# WHAT TO WORK ON
Go through the data below and return each line where the string "mathbb" occurs.

# Items from a dataset
(* Let $K$ be a field with an absolute value $v$, and let $\mathbb{C}_v$ denote the completion of an algebraic closure of $K$. Let $\phi(z)\in K[z]$ be a polynomial of degree $d\geq 2$, and let $\hat{\lambda}_{v,\phi}$ be the associated local canonical height. Write $\phi(z)=a_d z^d+\cdots+a_1 z+a_0=a_d(z-\alpha_1)\cdots(z-\alpha_d)$ with $a_i\in K$, $a_d\neq 0$, and $\alpha_i\in\mathbb{C}_v$. Let $A=\max\{|\alpha_i|_v : i=1,\ldots,d\}$ and $B=|a_d|_v^{-1/d}$, and define real constants $c_v,C_v\geq 1$ by $$c_v=\max\{1,A,B\}\quad\text{and}\quad C_v=\max\{1,|a_0|_v,|a_1|_v,\ldots,|a_d|_v\}$$ if $v$ is non-archimedean, or $$c_v=\max\{1,A+B\}\quad\text{and}\quad C_v=\max\{1,|a_0|_v+|a_1|_v+\cdots+|a_d|_v\}$$ if $v$ is archimedean. Then for all $x\in\mathbb{C}_v$, $$\frac{-d\log c_v}{d-1}\leq \hat{\lambda}_{v,\phi}(x)-\lambda_v(x)\leq \frac{\log C_v}{d-1}.$$
   Context: The standard local height is $\lambda_v:\mathbb{C}_v\to[0,\infty)$, $\lambda_v(x)=\log\max\{1,|x|_v\}$. For a polynomial $\phi\in K[z]$ of degree $d\geq 2$, the local canonical height is $\hat{\lambda}_{v,\phi}(x)=\lim_{n\to\infty}d^{-n}\lambda_v(\phi^n(x))$ for $x\in\mathbb{C}_v$ (this limit exists), where $\phi^n$ denotes the $n$-th iterate of $\phi$ under composition. *)

theory Defs
  imports "HOL-Computational_Algebra.Polynomial" Complex_Main
begin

# EXERCISE RESPONSE
(* Let $K$ be a field with an absolute value $v$, and let $\mathbb{C}_v$ denote the completion of an algebraic closure of $K$. Let $\phi(z)\in K[z]$ be a polynomial of degree $d\geq 2$, and let $\hat{\lambda}_{v,\phi}$ be the associated local canonical height. Write $\phi(z)=a_d z^d+\cdots+a_1 z+a_0=a_d(z-\alpha_1)\cdots(z-\alpha_d)$ with $a_i\in K$, $a_d\neq 0$, and $\alpha_i\in\mathbb{C}_v$. Let $A=\max\{|\alpha_i|_v : i=1,\ldots,d\}$ and $B=|a_d|_v^{-1/d}$, and define real constants $c_v,C_v\geq 1$ by $$c_v=\max\{1,A,B\}\quad\text{and}\quad C_v=\max\{1,|a_0|_v,|a_1|_v,\ldots,|a_d|_v\}$$ if $v$ is non-archimedean, or $$c_v=\max\{1,A+B\}\quad\text{and}\quad C_v=\max\{1,|a_0|_v+|a_1|_v+\cdots+|a_d|_v\}$$ if $v$ is archimedean. Then for all $x\in\mathbb{C}_v$, $$\frac{-d\log c_v}{d-1}\leq \hat{\lambda}_{v,\phi}(x)-\lambda_v(x)\leq \frac{\log C_v}{d-1}.$$
   Context: The standard local height is $\lambda_v:\mathbb{C}_v\to[0,\infty)$, $\lambda_v(x)=\log\max\{1,|x|_v\}$. For a polynomial $\phi\in K[z]$ of degree $d\geq 2$, the local canonical height is $\hat{\lambda}_{v,\phi}(x)=\lim_{n\to\infty}d^{-n}\lambda_v(\phi^n(x))$ for $x\in\mathbb{C}_v$ (this limit exists), where $\phi^n$ denotes the $n$-th iterate of $\phi$ under composition. *)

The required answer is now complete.